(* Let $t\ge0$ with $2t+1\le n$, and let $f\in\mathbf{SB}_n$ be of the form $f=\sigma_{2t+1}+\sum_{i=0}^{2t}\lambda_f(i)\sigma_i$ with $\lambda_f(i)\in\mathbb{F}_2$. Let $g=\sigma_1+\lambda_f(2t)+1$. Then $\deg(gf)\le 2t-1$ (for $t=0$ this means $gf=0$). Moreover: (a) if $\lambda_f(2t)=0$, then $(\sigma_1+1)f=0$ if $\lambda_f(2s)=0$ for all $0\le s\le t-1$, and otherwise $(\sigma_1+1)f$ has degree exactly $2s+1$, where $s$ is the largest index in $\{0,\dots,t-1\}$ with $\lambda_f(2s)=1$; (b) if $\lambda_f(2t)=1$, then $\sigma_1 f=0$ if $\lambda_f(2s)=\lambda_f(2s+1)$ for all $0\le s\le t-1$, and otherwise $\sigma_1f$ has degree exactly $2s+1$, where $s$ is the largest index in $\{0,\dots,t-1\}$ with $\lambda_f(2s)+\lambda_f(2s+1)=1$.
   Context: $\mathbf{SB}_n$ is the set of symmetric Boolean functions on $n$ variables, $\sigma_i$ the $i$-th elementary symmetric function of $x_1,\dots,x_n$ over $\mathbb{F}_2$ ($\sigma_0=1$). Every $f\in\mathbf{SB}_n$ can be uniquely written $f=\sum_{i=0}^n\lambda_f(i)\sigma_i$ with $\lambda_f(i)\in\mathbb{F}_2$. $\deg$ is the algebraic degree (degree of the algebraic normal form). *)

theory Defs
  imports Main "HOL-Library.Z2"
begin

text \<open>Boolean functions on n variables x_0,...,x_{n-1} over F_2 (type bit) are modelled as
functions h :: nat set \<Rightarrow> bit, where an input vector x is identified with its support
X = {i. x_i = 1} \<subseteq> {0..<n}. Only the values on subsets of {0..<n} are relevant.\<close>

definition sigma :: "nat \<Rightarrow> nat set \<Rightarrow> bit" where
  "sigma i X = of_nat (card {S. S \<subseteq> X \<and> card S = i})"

● What is being asked
Return each line from the data where the string "Rightarrow" can be found.

● Worked solution
functions h :: nat set \<Rightarrow> bit, where an input vector x is identified with its support
definition sigma :: "nat \<Rightarrow> nat set \<Rightarrow> bit" where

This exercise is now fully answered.